Problem to solve: Copy out each line of the listing that has the word "bool" in it.

[[ Record extracts, beginning ]]

(* If $G$ is a $3$-edge-connected cubic graph admitting a hamiltonian cycle, then $fn(G)=2$.
   Context: An orientation is strong if for every ordered pair of distinct vertices $u,v$ there is a directed $uv$-path. An edge $e$ is deletable in an orientation $(G,o)$ if the restriction of $o$ to $E(G)\setminus\{e\}$ is a strong orientation of $G-e$. For a $3$-edge-connected graph $G$, the Frank number $fn(G)$ is the minimum number $k$ such that $G$ admits $k$ orientations with the property that every edge of $G$ is deletable in at least one of them. *)

theory Defs
  imports Main
begin

definition simple_graph :: "'a set \<Rightarrow> 'a set set \<Rightarrow> bool" where
  "simple_graph V E \<longleftrightarrow> finite V \<and>
     (\<forall>e\<in>E. \<exists>u v. e = {u, v} \<and> u \<noteq> v \<and> u \<in> V \<and> v \<in> V)"

definition adj_rel :: "'a set set \<Rightarrow> ('a \<times> 'a) set" where
  "adj_rel E = {(u, v). {u, v} \<in> E}"

definition connected_graph :: "'a set \<Rightarrow> 'a set set \<Rightarrow> bool" where
  "connected_graph V E \<longleftrightarrow> (\<forall>u\<in>V. \<forall>v\<in>V. (u, v) \<in> (adj_rel E)\<^sup>*)"

definition k_edge_connected :: "nat \<Rightarrow> 'a set \<Rightarrow> 'a set set \<Rightarrow> bool" where
  "k_edge_connected k V E \<longleftrightarrow>
     (\<forall>F. F \<subseteq> E \<and> card F < k \<longrightarrow> connected_graph V (E - F))"

definition cubic :: "'a set \<Rightarrow> 'a set set \<Rightarrow> bool" where
  "cubic V E \<longleftrightarrow> (\<forall>v\<in>V. card {e\<in>E. v \<in> e} = 3)"

definition hamiltonian_cycle :: "'a set \<Rightarrow> 'a set set \<Rightarrow> 'a list \<Rightarrow> bool" where
  "hamiltonian_cycle V E vs \<longleftrightarrow> distinct vs \<and> set vs = V \<and> length vs \<ge> 3 \<and>
     (\<forall>i < length vs. {vs ! i, vs ! ((i + 1) mod length vs)} \<in> E)"

definition is_orientation :: "'a set set \<Rightarrow> ('a set \<Rightarrow> 'a \<times> 'a) \<Rightarrow> bool" where
  "is_orientation E ori \<longleftrightarrow> (\<forall>e\<in>E. e = {fst (ori e), snd (ori e)})"

definition arcs :: "('a set \<Rightarrow> 'a \<times> 'a) \<Rightarrow> 'a set set \<Rightarrow> ('a \<times> 'a) set" where
  "arcs ori F = ori ` F"

definition strong_orientation :: "'a set \<Rightarrow> 'a set set \<Rightarrow> ('a set \<Rightarrow> 'a \<times> 'a) \<Rightarrow> bool" where
  "strong_orientation V E ori \<longleftrightarrow> is_orientation E ori \<and>
     (\<forall>u\<in>V. \<forall>v\<in>V. u \<noteq> v \<longrightarrow> (u, v) \<in> (arcs ori E)\<^sup>+)"

definition deletable :: "'a set \<Rightarrow> 'a set set \<Rightarrow> ('a set \<Rightarrow> 'a \<times> 'a) \<Rightarrow> 'a set \<Rightarrow> bool" where
  "deletable V E ori e \<longleftrightarrow> strong_orientation V (E - {e}) ori"

definition frank_number :: "'a set \<Rightarrow> 'a set set \<Rightarrow> nat" where
  "frank_number V E = (LEAST k. \<exists>os. length os = k \<and>
      (\<forall>ori\<in>set os. is_orientation E ori) \<and>
      (\<forall>e\<in>E. \<exists>ori\<in>set os. deletable V E ori e))"

end

theory Submission
  imports Defs
begin

text \<open>Number the vertices \<open>0, \<dots>, n - 1\<close> along the hamiltonian cycle. The edges off the
cycle (chords) form a perfect matching, so \<open>n\<close> is even, and the chords and the cycle edges
\<open>{2k, 2k + 1}\<close> are two perfect matchings. Their union is a disjoint union of even cycles, so some
2-colouring of the vertices is proper for both. From it one builds two orientations carrying
positive integer circulations such that every edge has weight 1 in at least one of them. In a
3-edge-connected graph an edge of weight 1 in a positive circulation is deletable: every cut has at
least three edges, so at least weight 2 leaves every proper vertex set. A single orientation never
suffices: two of the three edges at a vertex point the same way, and deleting the third edge makes
that vertex a source or a sink.\<close>

lemma simple_graph_edge_subset: "simple_graph V E \<Longrightarrow> e \<in> E \<Longrightarrow> e \<subseteq> V"
  unfolding simple_graph_def by auto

[[ Record extracts, end ]]

Result of the task:
definition simple_graph :: "'a set \<Rightarrow> 'a set set \<Rightarrow> bool" where
definition connected_graph :: "'a set \<Rightarrow> 'a set set \<Rightarrow> bool" where
definition k_edge_connected :: "nat \<Rightarrow> 'a set \<Rightarrow> 'a set set \<Rightarrow> bool" where
definition cubic :: "'a set \<Rightarrow> 'a set set \<Rightarrow> bool" where
definition hamiltonian_cycle :: "'a set \<Rightarrow> 'a set set \<Rightarrow> 'a list \<Rightarrow> bool" where
definition is_orientation :: "'a set set \<Rightarrow> ('a set \<Rightarrow> 'a \<times> 'a) \<Rightarrow> bool" where
definition strong_orientation :: "'a set \<Rightarrow> 'a set set \<Rightarrow> ('a set \<Rightarrow> 'a \<times> 'a) \<Rightarrow> bool" where
definition deletable :: "'a set \<Rightarrow> 'a set set \<Rightarrow> ('a set \<Rightarrow> 'a \<times> 'a) \<Rightarrow> 'a set \<Rightarrow> bool" where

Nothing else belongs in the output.